Sub goodinfo_proxy_test()

Dim Xmlhttp As Object, HTMLsourcecode As Object, Url As String, ttt As Double

Set HTMLsourcecode = CreateObject("htmlfile")
Set Xmlhttp = CreateObject("WinHttp.WinHttpRequest.5.1")

ttt = Timer

Url = "https://goodinfo.tw/StockInfo/ShowSaleMonChart.asp?STOCK_ID=3005"

With Xmlhttp
.Open "GET", Url, False
.setRequestHeader "Content-Type", "application/x-www-form-urlencoded"
.setRequestHeader "User-Agent", "Mozilla/4.0 (compatible; MSIE 6.0; Windows NT 5.0)"

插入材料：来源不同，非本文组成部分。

lemma card_le_dderiv_image:
  assumes "diff_uniform f \<delta>" "a \<noteq> 0" "\<And>x. x \<in> T \<Longrightarrow> dderiv f a x \<in> C"
  shows "card T \<le> \<delta> * card C"
proof -
  have "card T \<le> card (\<Union>c\<in>C. {x. dderiv f a x = c})"
    using assms(3) by (intro card_mono) auto
  also have "\<dots> \<le> (\<Sum>c\<in>C. card {x. dderiv f a x = c})"
    by (rule card_UN_le) simp
  also have "\<dots> \<le> card C * \<delta>"
    using sum_bounded_above[of C "\<lambda>c. card {x. dderiv f a x = c}" \<delta>]
      card_dderiv_fibre_le[OF assms(1,2)] by simp
  finally show ?thesis by (simp add: mult.commute)
qed

lemma dderiv_nonzero:
  assumes "inj f" "a \<noteq> 0"
  shows "dderiv f a x \<noteq> 0"
  using assms by (simp add: dderiv_def add_eq_0_iff_eq inj_eq)

lemma nhat_0_no_constant_component:
  assumes "nhat f = 0" "a \<noteq> 0" "v \<noteq> 0"
  shows "\<not> (\<forall>x. dot (dderiv f a x) v = k)"
proof
  assume const: "\<forall>x. dot (dderiv f a x) v = k"
  let ?T = "\<lambda>a. {v. v \<noteq> 0 \<and> (\<exists>k. \<forall>x. dot (dderiv f a x) v = k)}"
  have "finite {card (?T a) | a. a \<noteq> 0}"
    by (rule finite_subset[of _ "(\<lambda>a. card (?T a)) ` UNIV"]) auto
  then have "card (?T a) \<le> nhat f"
    unfolding nhat_def using assms(2) by (auto intro!: Max_ge)
  then have "?T a = {}" using assms(1) by simp
  moreover have "v \<in> ?T a" using assms(3) const by blast
  ultimately show False by blast
qed

lemma nhat_0_dderiv_range_eq_UNIV:
  assumes "nhat f = 0" "a \<noteq> 0" "F2_subspace A" "\<And>x. dderiv f a x \<in> A"
  shows "A = UNIV"
proof (rule ccontr)
  assume "A \<noteq> UNIV"
  then obtain B where "F2_hyperplane B" "A \<subseteq> B"
    using F2_subspace_le_hyperplane assms(3) by blast
  then obtain v where "v \<noteq> 0" "\<forall>y\<in>B. dot y v = 0"
    using F2_hyperplane_dot by blast
  then have "\<forall>x. dot (dderiv f a x) v = 0" using assms(4) \<open>A \<subseteq> B\<close> by blast
  then show False using nhat_0_no_constant_component assms(1,2) \<open>v \<noteq> 0\<close> by blast
qed

section \<open>Parallel maps, slices and walls\<close>

lemma parallel_map_nth [simp]: "parallel_map g x $ i = g i (x $ i)"
  by (simp add: parallel_map_def)

lemma parallel_map_zero_iff: "parallel_map g 0 = 0 \<longleftrightarrow> (\<forall>i. g i 0 = 0)"
  by (simp add: vec_eq_iff)

lemma bij_parallel_map:
  assumes "\<And>i. bij (g i)"
  shows "bij (parallel_map g)"
proof (rule o_bij)
  show "parallel_map (\<lambda>i. inv (g i)) \<circ> parallel_map g = id"
    using assms by (simp add: fun_eq_iff vec_eq_iff bij_is_inj)
  show "parallel_map g \<circ> parallel_map (\<lambda>i. inv (g i)) = id"
    using assms by (simp add: fun_eq_iff vec_eq_iff bij_is_surj surj_f_inv_f)
qed

lemma axis_nth_if: "axis i x $ j = (if j = i then x else 0)"
  by (simp add: axis_def)

lemma axis_zero [simp]: "axis i 0 = 0"
  by (simp add: axis_def vec_eq_iff)

lemma axis_add: "axis i (x + y) = axis i x + axis i (y::'a::monoid_add)"
  by (simp add: vec_eq_iff axis_def)

lemma parallel_map_axis:
  "(\<And>i. g i 0 = 0) \<Longrightarrow> parallel_map g (axis i s) = axis i (g i s)"
  by (simp add: vec_eq_iff axis_def)

lemma parallel_map_add_axis:
  "parallel_map g (x + axis i d) + parallel_map g x = axis i (dderiv (g i) d (x $ i))"
  by (simp add: vec_eq_iff axis_def dderiv_def)

lemma parallel_map_second_difference:
  "parallel_map g y + parallel_map g (y + w)
     + (parallel_map g (y + axis i s) + parallel_map g (y + axis i s + w))
   = axis i (dderiv (g i) (w $ i) (y $ i + s) + dderiv (g i) (w $ i) (y $ i))"
proof (subst vec_eq_iff, intro allI)
  fix j
  show "(parallel_map g y + parallel_map g (y + w)
     + (parallel_map g (y + axis i s) + parallel_map g (y + axis i s + w))) $ j
   = axis i (dderiv (g i) (w $ i) (y $ i + s) + dderiv (g i) (w $ i) (y $ i)) $ j"
    by (cases "j = i") (simp_all add: axis_nth_if dderiv_def add_ac)
qed

text \<open>\<open>slice S i\<close> is \<open>S \<inter> V\<^sub>i\<close>, written in the coordinates of the block \<open>V\<^sub>i\<close>.\<close>

definition slice :: "('a::zero^'n) set \<Rightarrow> 'n \<Rightarrow> 'a set" where
  "slice S i = {d. axis i d \<in> S}"

lemma slice_mono: "S \<subseteq> T \<Longrightarrow> slice S i \<subseteq> slice T i"
  by (auto simp: slice_def)

lemma F2_subspace_slice: "F2_subspace S \<Longrightarrow> F2_subspace (slice S i)"
  by (simp add: F2_subspace_def slice_def axis_add)

lemma F2_hyperplane_slice:
  "F2_hyperplane S \<Longrightarrow> slice S i \<noteq> UNIV \<Longrightarrow> F2_hyperplane (slice S i)"
  by (simp add: F2_hyperplane_def F2_subspace_slice) (simp add: slice_def axis_add)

'以下幾個proxy是google隨機選來測試的,可用但非常不穩定,時好時壞
'請自行搜尋可用的proxy ip
'(proxy格式,"ip:prot" 或 "網址:prot")

'.SetProxy 2, "139.224.56.17:8080"
'.SetProxy 2, "39.109.123.188:3128"
'.SetProxy 2, "183.181.10.71:3128"
'.SetProxy 2, "161.35.5.35:8080"
'.SetProxy 2, "40.85.152.26:8080"
'.SetProxy 2, "165.225.77.46:9443" '<= 速度快,但被goodinfo檔掉了,可能有很多人在用這個proxy



'當proxy不穩、連不上時,程式碼會中斷,停在.send
'或是傳回proxy錯誤的responsetext,而不是查詢的網站
'所以如果想讓程式碼有自動切換功能
'需另外加上on error做錯誤處理、換ip

'proxy ip 可放在陣列、工作表、文字檔…用for next 廻圈輪流換)


.Send

HTMLsourcecode.body.innerhtml = convertraw(.ResponseBody)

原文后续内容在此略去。